07/06/2010 21:44 par Lulu

@ D.D : Il y a un peu plus de 200 ans personne ne votait et c’est pas pour autant que nos ancetres étaient moins malheureux puisqu’ils ont été jusqu’à couper la tête de leur maître auto proclamé.

Ceux qui tombent dans le panneau, c’est ceux qui s’endorment entre 2 élections et qui ne demandent pas de comptes aux élus : car c’est de cette manière qu’ils les transforment automatiquement en maîtres.

07/06/2010 23:48 par Jokarus

Bonjour à tous,

très bon article Mr Mignard.
J’adhère.
Que feront-ils lorsque plus personne ne votera ? Pourra-t’on alors parler de dictature ? Elle s’installe doucement...
Et quoi d’autre pour remplacer cette pseudo démocratie.
Je suis prompt à la critique mais quand vient l’heure de trouver une alternative, j’entrevois le chaos total.
J’ai bien des idées, mais le changement se ferait assurément dans la douleur car ils ne se laisseront pas faire, assurément.
Il y a-t’il un moyen de passer d’un régime à un autre, en douceur, pour nous ?
A chaque fois que j’ai posé cette question aux groupes proposant un autre système (dont je taierai le nom), on me parle de révolution sanglante.
Qu’en pensez-vous, tous ?

08/06/2010 23:09 par zdr

Sans serait-il utile que le corps enseignants versent dans le cursus scolaire pour le bac, une analyse approfondie d’Etienne de la Boétie, qui écrivait (en 1549) le "Discours de la servitude volontaire".
Celui-ci expliquait notamment que « Il y a trois sortes de tyrans.
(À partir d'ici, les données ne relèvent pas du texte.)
text \<open>The region where the shifted group \<open>T\<close> and the unshifted complement both win is
  open and meets the connected set \<open>C\<close>, hence is not null.\<close>

lemma win_overlap_not_null:
  fixes \<mu> :: "('a::euclidean_space) measure"
  assumes mu_sets: "sets \<mu> = sets lebesgue"
    and mu_ac: "\<And>A. A \<in> sets lebesgue \<Longrightarrow> (emeasure \<mu> A = 0 \<longleftrightarrow> emeasure lebesgue A = 0)"
    and S_fin: "finite S" and d_cont: "\<And>p. p \<in> S \<Longrightarrow> continuous_on UNIV (d p)"
    and C: "open C" "connected C"
    and T: "T \<subseteq> S" "T \<noteq> {}" "T \<noteq> S" and delta_pos: "\<delta> > 0"
    and cells_meet_C: "\<And>p. p \<in> S \<Longrightarrow> C \<inter> VR d w S p \<noteq> {}"
  shows "group_wins d (shift_weights w T \<delta>) S T \<inter> group_wins d w S (S - T) \<inter> C \<notin> null_sets \<mu>"
proof -
  define Q' where "Q' = group_wins d (shift_weights w T \<delta>) S T"
  define Q where "Q = group_wins d w S (S - T)"
  have "Q' \<inter> C \<noteq> {}"
  proof -
    obtain t where t: "t \<in> T" using T(2) by blast
    then obtain z where "z \<in> C" "z \<in> VR d w S t" using cells_meet_C T(1) by blast
    moreover have "VR d w S t \<subseteq> VR d (shift_weights w T \<delta>) S t"
      by (rule VR_mono_weights) (use t delta_pos in \<open>auto simp: shift_weights_def\<close>)
    ultimately show ?thesis
      using VR_subset_group_wins[OF t, of d "shift_weights w T \<delta>" S] unfolding Q'_def by blast
  qed
  moreover have "Q \<inter> C \<noteq> {}"
  proof -
    obtain u where u: "u \<in> S - T" using T(1,3) by blast
    then show ?thesis
      using cells_meet_C[of u] VR_subset_group_wins[OF u, of d w S] unfolding Q_def by blast
  qed
  moreover have open_Q': "open Q'" and open_Q: "open Q"
    unfolding Q'_def Q_def using S_fin T(1) d_cont by (auto intro: open_group_wins)
  moreover have "C \<subseteq> Q' \<union> Q"
    using group_wins_cover[OF finite_subset[OF T(1) S_fin] T(2,1) delta_pos]
    unfolding Q'_def Q_def by blast
  ultimately have "Q' \<inter> Q \<inter> C \<noteq> {}"
    using connectedD[OF C(2) open_Q' open_Q] by blast
  moreover have "open (Q' \<inter> Q \<inter> C)" using open_Q' open_Q C(1) by blast
  ultimately show ?thesis
    unfolding Q'_def Q_def using open_nonempty_not_null[OF mu_sets mu_ac] by blast
qed

text \<open>Outside the null tie set every point of the overlap lies in the gain of some site
  of \<open>T\<close>, so one of these gains is not null.\<close>

lemma exists_gain_not_null:
  fixes \<mu> :: "('a::euclidean_space) measure"
  assumes mu_sets: "sets \<mu> = sets lebesgue" and adm: "admissible \<mu> d S"
    and S_fin: "finite S" and d_cont: "\<And>p. p \<in> S \<Longrightarrow> continuous_on UNIV (d p)"
    and C: "bounded C" "open C"
    and T: "T \<subseteq> S" "T \<noteq> {}"
    and overlap: "group_wins d (shift_weights w T \<delta>) S T \<inter> group_wins d w S (S - T) \<inter> C
                    \<notin> null_sets \<mu>"
  shows "\<exists>t\<in>T. C \<inter> VR d (shift_weights w T \<delta>) S t - C \<inter> VR d w S t \<notin> null_sets \<mu>"
proof (rule ccontr)
  assume "\<not> ?thesis"
  then have gains_null:
    "(\<Union>t\<in>T. C \<inter> VR d (shift_weights w T \<delta>) S t - C \<inter> VR d w S t) \<in> null_sets \<mu>"
    using finite_subset[OF T(1) S_fin] by (intro null_sets_UN' countable_finite) auto
  define N where "N = (\<Union>t\<in>T. \<Union>t'\<in>T - {t}. C \<inter> {z. d t z - d t' z = w t - w t'})"
  have N_null: "N \<in> null_sets \<mu>" unfolding N_def
  proof (intro null_sets_UN' countable_finite finite_Diff finite_subset[OF T(1) S_fin])
    fix t t' assume "t \<in> T" "t' \<in> T - {t}"
    then have "t \<in> S" "t' \<in> S" "t \<noteq> t'" using T(1) by auto
    then show "C \<inter> {z. d t z - d t' z = w t - w t'} \<in> null_sets \<mu>"
      using admissible_tie_null[OF mu_sets adm _ _ _ C d_cont d_cont] by blast
  qed
  let ?O = "group_wins d (shift_weights w T \<delta>) S T \<inter> group_wins d w S (S - T) \<inter> C"
  have "?O - N \<subseteq> (\<Union>t\<in>T. C \<inter> VR d (shift_weights w T \<delta>) S t - C \<inter> VR d w S t)"
  proof
    fix z assume z: "z \<in> ?O - N"
    have "d t z - d t' z \<noteq> w t - w t'" if "t \<in> T" "t' \<in> T" "t \<noteq> t'" for t t'
      using z that unfolding N_def by blast
    then have "\<exists>t\<in>T. z \<in> VR d (shift_weights w T \<delta>) S t - VR d w S t"
      using z by (intro shift_gains_point[OF finite_subset[OF T(1) S_fin] T(2,1)]) blast+
    with z show "z \<in> (\<Union>t\<in>T. C \<inter> VR d (shift_weights w T \<delta>) S t - C \<inter> VR d w S t)" by blast
  qed
  moreover have "open ?O"
    using S_fin T(1) d_cont C(2) by (intro open_Int open_group_wins) auto
  then have "?O \<in> sets \<mu>" unfolding mu_sets by (rule open_in_sets_lebesgue)
  ultimately have "?O \<in> null_sets \<mu>"
    using null_sets_subset[OF null_sets.Un[OF gains_null N_null]] by blast
  with overlap show False by blast
qed

theorem lemma2:
  fixes \<mu> :: "('a::euclidean_space) measure"
    and d :: "'a \<Rightarrow> 'a \<Rightarrow> real"
    and S T C :: "'a set"
    and w :: "'a \<Rightarrow> real"
    and \<delta> :: real
  assumes mu_sets: "sets \<mu> = sets lebesgue"
    and mu_ac: "\<And>A. A \<in> sets lebesgue \<Longrightarrow> (emeasure \<mu> A = 0 \<longleftrightarrow> emeasure lebesgue A = 0)"
    and S_fin: "finite S"
    and d_cont: "\<And>p. p \<in> S \<Longrightarrow> continuous_on UNIV (d p)"
    and d_nonneg: "\<And>p z. p \<in> S \<Longrightarrow> d p z \<ge> 0"
    and adm: "admissible \<mu> d S"
    and C_bdd: "bounded C" and C_open: "open C" and C_pc: "path_connected C"
    and T_sub: "T \<subseteq> S" and T_ne: "T \<noteq> {}" and T_neq: "T \<noteq> S"
    and w_pos: "\<And>p. p \<in> S \<Longrightarrow> emeasure \<mu> (C \<inter> VR d w S p) > 0"
    and delta_pos: "\<delta> > 0"
  shows "\<exists>t\<in>T. emeasure \<mu> (C \<inter> VR d (\<lambda>p. if p \<in> T then w p + \<delta> else w p) S t)
                 > emeasure \<mu> (C \<inter> VR d w S t)"
proof -
  have w'_eq: "(\<lambda>p. if p \<in> T then w p + \<delta> else w p) = shift_weights w T \<delta>"
    by (simp add: shift_weights_def)
  have "C \<inter> VR d w S p \<noteq> {}" if "p \<in> S" for p
    using w_pos[OF that] by auto
  then have "group_wins d (shift_weights w T \<delta>) S T \<inter> group_wins d w S (S - T) \<inter> C
               \<notin> null_sets \<mu>"
    using mu_sets mu_ac S_fin d_cont C_open path_connected_imp_connected[OF C_pc]
      T_sub T_ne T_neq delta_pos
    by (intro win_overlap_not_null[where d = d and w = w]) auto
  then obtain t where t: "t \<in> T"
    and gain: "C \<inter> VR d (shift_weights w T \<delta>) S t - C \<inter> VR d w S t \<notin> null_sets \<mu>"
    using exists_gain_not_null[where d = d, OF mu_sets adm S_fin d_cont C_bdd C_open T_sub T_ne]
    by blast
  text \<open>The cell of \<open>t\<close> only grew, has finite measure, and grew by a non-null set.\<close>
  have tS: "t \<in> S" using t T_sub by blast
  obtain u where u: "u \<in> S" "u \<noteq> t" using t T_sub T_neq by blast
  have cell_sets: "C \<inter> VR d v S t \<in> sets \<mu>" for v
    unfolding mu_sets using open_VR[OF S_fin tS d_cont] C_open
    by (intro open_in_sets_lebesgue open_Int)
  have C_sets: "C \<in> sets \<mu>" unfolding mu_sets using C_open by (rule open_in_sets_lebesgue)
  have "emeasure \<mu> C < \<infinity>"
    using adm tS u C_bdd C_open unfolding admissible_def by blast
  then have "emeasure \<mu> (C \<inter> VR d w S t) \<noteq> \<infinity>"
    using emeasure_mono[OF Int_lower1 C_sets, of "VR d w S t"] by (auto simp: top_unique)
  moreover have "VR d w S t \<subseteq> VR d (shift_weights w T \<delta>) S t"
    by (rule VR_mono_weights) (use t delta_pos in \<open>auto simp: shift_weights_def\<close>)
  ultimately show ?thesis unfolding w'_eq
    using emeasure_less_if_diff_not_null[OF _ cell_sets cell_sets _ gain] t by blast
qed

end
Les uns règnent par l’élection du peuple, les autres par la force des armes, les derniers par succession de race. Les hommes sont responsables de leur assujettissement au pouvoir. Pour sortir de cette domination il faut sortir de l’habitude. L’homme qui connaît la liberté n’y renonce que contraint et forcé. Mais ceux qui n’ont jamais connu la liberté servent sans regret et font volontairement ce que leurs pères n’auraient fait que par contrainte. La première raison pour laquelle les hommes servent volontairement, c’est qu’ils naissent serfs et qu’ils sont élevés comme tels." Comme le précise La Boétie, « on ne regrette jamais ce que l’on a jamais eu »

09/06/2010 00:06 par EW

@Jokarus

« Que feront-ils lorsque plus personne ne votera ? »

Cela n’arrivera pas.

« Pourra-t’on alors parler de dictature ? »

On peut en parler.

« Il y a-t’il un moyen de passer d’un régime à un autre, en douceur, pour nous ? »

Il suffit de fermer les yeux.

« A chaque fois que j’ai posé cette question aux groupes proposant un autre système (dont je taierai le nom), on me parle de révolution sanglante. Qu’en pensez-vous, tous ? »
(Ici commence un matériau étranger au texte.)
lemma unitary_odd_ex_conj_fixed_unit:
  fixes U :: "complex^'n^'n"
  assumes "unitary_mat U" and "odd CARD('n)"
  shows "\<exists>v. norm v = 1 \<and> U *v vec_cnj v = v"
proof -
  obtain v where "v \<noteq> 0" and v: "U *v vec_cnj v = v"
    using unitary_odd_ex_conj_fixed assms by blast
  then have "norm (sgn v) = 1" and "U *v vec_cnj (sgn v) = sgn v"
    by (simp_all add: norm_sgn sgn_vec_def vec_cnj_scaleR complex_matrix_vector_mult_scaleR)
  then show ?thesis
    by blast
qed

section \<open>The upper bound\<close>

lemma matrix_diff_ldistrib: "A ** (B - C) = A ** B - A ** (C :: 'a::ring_1^'p^'n)"
  by (simp add: vec_eq_iff matrix_matrix_mult_def sum_subtractf right_diff_distrib)

lemma matrix_diff_rdistrib: "(A - B) ** C = A ** C - B ** (C :: 'a::ring_1^'p^'n)"
  by (simp add: vec_eq_iff matrix_matrix_mult_def sum_subtractf left_diff_distrib)

lemma transpose_diff: "transpose (A - B) = transpose A - transpose B"
  by (simp add: vec_eq_iff transpose_def)

lemma cmod_trace_le_symmetrized:
  fixes B Q :: "complex^'n^'n"
  assumes "Q ** B = B" and "B ** transpose Q = B"
  shows "cmod (2 * trace B) \<le> norm Q * norm (B + transpose B)"
proof -
  have "trace (Q ** transpose B) = trace B"
    by (metis assms(2) matrix_transpose_mul trace_transpose transpose_transpose)
  then have "2 * trace B = trace (Q ** (B + transpose B))"
    by (simp add: matrix_add_ldistrib trace_add assms(1))
  then show ?thesis
    using cmod_trace_mult_le by metis
qed

lemma norm_orthogonal_projection_power2:
  fixes v :: "complex^'n"
  assumes "norm v = 1"
  shows "(norm (mat 1 - vec_outer v (vec_cnj v)))\<^sup>2 = real CARD('n) - 1"
proof -
  let ?R = "vec_outer v (vec_cnj v)"
  have "unitary_mat (mat 1 :: complex^'n^'n)"
    by (simp add: unitary_mat_def mat_adj_mat_1)
  then have "(norm (mat 1 :: complex^'n^'n))\<^sup>2 = CARD('n)"
    by (rule norm_unitary_mat_power2)
  moreover have "inner (mat 1) ?R = 1" and "(norm ?R)\<^sup>2 = 1"
    using assms by (simp_all add: inner_vec_outer norm_vec_outer dot_square_norm)
  ultimately show ?thesis
    by (simp add: power2_norm_eq_inner inner_diff_left inner_diff_right inner_commute)
qed

context
  fixes U :: "complex^'n^'n" and v :: "complex^'n"
  assumes unitary: "unitary_mat U" and unit: "norm v = 1" and fixed: "U *v vec_cnj v = v"
begin

lemma sum_mult_cnj_unit: "(\<Sum>i\<in>UNIV. v $ i * cnj (v $ i)) = 1"
  using unit by (simp add: sum_mult_cnj_eq_norm_power2)

lemma inner_vec_outer_conj_fixed: "inner U (vec_outer v v) = 1"
  using unit fixed by (simp add: inner_vec_outer dot_square_norm)
(* Let $d\in\mathbb{N}$ and let $C(d)$ be a constant such that for every Radon log-concave probability measure $\mu$ on a locally convex space $E$, every $f\in\mathcal{P}^d(\mu)$ and every $\varphi\in C_b^\infty(\mathbb{R})$ with $\|\varphi\|_\infty\le1$ one has $\sigma_f^{1/d}\int\varphi'(f)\,d\mu\le C(d)\|\varphi'\|_\infty^{1-1/d}$. Let $\mu$ be a Radon log-concave probability measure on a locally convex space $E$, let $f,g\in\mathcal{P}^d(\mu)$ be functions neither of which coincides a.e. with a constant, let $\rho_f,\rho_g$ be the densities of $\mu\circ f^{-1},\mu\circ g^{-1}$, and let $1<p<\frac{d}{d-1}$. Then $$\|\rho_f-\rho_g\|_{L^p(\mathbb{R})}\le C_1(d,p)\bigl(\sigma_f^{-1/d}+\sigma_g^{-1/d}\bigr)^{d(1-1/p)}\|\mu\circ f^{-1}-\mu\circ g^{-1}\|_{\rm TV}^{1-d(1-1/p)}$$ $$\le C_1(d,p)\bigl(\sigma_f^{-1/d}+\sigma_g^{-1/d}\bigr)^{d(1-1/p)}C_d(\sigma_f,\sigma_g)^{1-d(1-1/p)}\|\mu\circ f^{-1}-\mu\circ g^{-1}\|_{\rm FM}^{\frac{1}{1+d}(1-d(1-1/p))},$$ where $$C_1(d,p)=\Bigl(p(p-1)^{-1}+p\Bigl(\frac{d}{d-1}-p\Bigr)^{-1}\Bigr)^{1/p}C(d)^{d(1-1/p)},$$ $$C_d(\sigma_f,\sigma_g)=2+2C(d)\bigl(\sigma_f^{-1/d}+\sigma_g^{-1/d}\bigr)(2\pi)^{-1/2}\int_{\mathbb{R}}e^{-t^2/2}|t|^{1/d}dt.$$ (For $d=1$, $\frac{d}{d-1}$ is interpreted as $+\infty$ and the term $p(\frac{d}{d-1}-p)^{-1}$ as $0$.)
   Context: Log-concave measures on $\mathbb{R}^n$: density $e^{-V}$ w.r.t. Lebesgue measure on an affine subspace, $V$ convex with values in $(-\infty,+\infty]$. A Radon probability measure on a locally convex space $E$ is log-concave if all its images under continuous linear maps to $\mathbb{R}^n$ are log-concave. $\mathcal{P}^d(\mu)$: closure in $L^2(\mu)$ of functions $p(\ell_1,\dots,\ell_n)$ with $\ell_i\in E^*$, $p$ a polynomial of degree $d$. $\sigma_f^2=\int(f-\int f\,d\mu)^2d\mu$. For probability measures $\nu_1,\nu_2$ on $\mathbb{R}$: $\|\nu_1-\nu_2\|_{\rm TV}=\sup\{\int\varphi\,d(\nu_1-\nu_2):\varphi\in C_b^\infty(\mathbb{R}),\|\varphi\|_\infty\le1\}$, $\|\nu_1-\nu_2\|_{\rm FM}=\sup\{\int\varphi\,d(\nu_1-\nu_2):\varphi\in C_b^\infty(\mathbb{R}),\|\varphi\|_\infty\le1,\|\varphi'\|_\infty\le1\}$; $C_b^\infty(\mathbb{R})$ is the space of bounded smooth functions with bounded derivatives of all orders. *)

theory Defs
  imports "HOL-Analysis.Analysis" "HOL-Probability.Probability"
begin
Qu’ils ont tort d’avoir raison.

09/06/2010 09:49 par zdr

A jokarus :

A chaque fois que j’ai posé cette question aux groupes proposant un autre système (dont je taierai le nom), on me parle de révolution sanglante. Qu’en pensez-vous, tous ?

Quand on me pose cette question "Comment peut-on être communiste après les goulacs" ? Je réponds : "Comment peut-on être catholique après l’inquisition" ? C’est pas de moi, c’est de François Houtart.